The line containing "unfolding integral_V by" marks the start; repeat it and every following line exactly through the end of the entries.
===== Data records
lemma integral_Vterm_lower_bound:
  assumes \<mu>: "prob_space \<mu>" "sets \<mu> = sets (borel :: (ennreal \<times> ennreal) measure)"
    and p1: "0 \<le> p1" "p1 \<le> 1"
    and H0: "\<forall>i<n. T1 i = T0 i" and T0: "\<forall>i<n. 0 \<le> T0 i" and t: "t \<in> T0 ` {..<n}"
  shows "p1 * (1 - p1) * Gtilde \<mu> t * real (card {i\<in>{..<n}. T0 i = t}) / (real (tie_max n T0) + 1)
           - (if t = Max (T0 ` {..<n}) then p1 * (1 - p1) else 0)
         \<le> (\<integral>\<omega>. Vterm n T1 T0 \<omega> t \<partial>design n p1 \<mu>)"
proof -
  define E d where "E = {i\<in>{..<n}. T0 i = t}" and "d = tie_max n T0"
  define G1 G0 where "G1 = Gsurv1 \<mu> (ennreal t)" and "G0 = Gsurv0 \<mu> (ennreal t)"
  define q where "q = status_pmf p1 G1 G0"
  have t0: "0 \<le> t" using t T0 by auto
  have G: "0 \<le> G1" "G1 \<le> 1" "0 \<le> G0" "G0 \<le> 1"
    unfolding G1_def G0_def using Gsurv_bounds[OF \<mu>(1)] by auto
  have Ed: "card E \<le> d" unfolding E_def d_def using t by (rule card_fiber_le_tie_max)
  note integral_V = integral_Vterm(2)[OF \<mu> p1 H0 T0 t0, folded E_def G1_def G0_def]
  show ?thesis
  proof (cases "t = Max (T0 ` {..<n})")
    case True
    have "p1 * (1 - p1) * Gtilde \<mu> t * real (card E) \<le> p1 * (1 - p1) * 1 * (real d + 1)"
      using p1 G Ed unfolding Gtilde_def G1_def[symmetric] G0_def[symmetric]
      by (intro mult_mono mult_le_one) auto
    then have "p1 * (1 - p1) * Gtilde \<mu> t * real (card E) / (real d + 1) \<le> p1 * (1 - p1)"
      by (simp add: divide_le_eq)
    moreover have "0 \<le> (\<integral>\<omega>. Vterm n T1 T0 \<omega> t \<partial>design n p1 \<mu>)"
      unfolding integral_V by (intro Bochner_Integration.integral_nonneg status_variance_nonneg) (auto simp: E_def)
    ultimately show ?thesis
      using True unfolding E_def[symmetric] d_def[symmetric] by simp
  next
    case False
    have "Max (T0 ` {..<n}) \<in> T0 ` {..<n}" using t by (intro Max_in) auto
    then obtain q0 where q0: "q0 < n" "T0 q0 = Max (T0 ` {..<n})" by auto
    with t False have "t < T0 q0" by (metis Max_ge finite_imageI finite_lessThan order_le_less)
    then have "real (card E) * pmf q (Some True) * pmf q (Some False) / (real d + 1)
        \<le> (\<integral>\<omega>. Vterm n T1 T0 \<omega> t \<partial>design n p1 \<mu>)"
      unfolding integral_V using q0(1) Ed
      by (intro expectation_status_variance_ge) (auto simp: E_def q_def)
    then show ?thesis
      using False unfolding pmf_status_pmf[OF p1 G] q_def Gtilde_def G1_def[symmetric] G0_def[symmetric]
      by (simp add: E_def d_def algebra_simps)
  qed
qed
==========
▶ [Task output]
      unfolding integral_V by (intro Bochner_Integration.integral_nonneg status_variance_nonneg) (auto simp: E_def)
    ultimately show ?thesis
      using True unfolding E_def[symmetric] d_def[symmetric] by simp
  next
    case False
    have "Max (T0 ` {..<n}) \<in> T0 ` {..<n}" using t by (intro Max_in) auto
    then obtain q0 where q0: "q0 < n" "T0 q0 = Max (T0 ` {..<n})" by auto
    with t False have "t < T0 q0" by (metis Max_ge finite_imageI finite_lessThan order_le_less)
    then have "real (card E) * pmf q (Some True) * pmf q (Some False) / (real d + 1)
        \<le> (\<integral>\<omega>. Vterm n T1 T0 \<omega> t \<partial>design n p1 \<mu>)"
      unfolding integral_V using q0(1) Ed
      by (intro expectation_status_variance_ge) (auto simp: E_def q_def)
    then show ?thesis
      using False unfolding pmf_status_pmf[OF p1 G] q_def Gtilde_def G1_def[symmetric] G0_def[symmetric]
      by (simp add: E_def d_def algebra_simps)
  qed
qed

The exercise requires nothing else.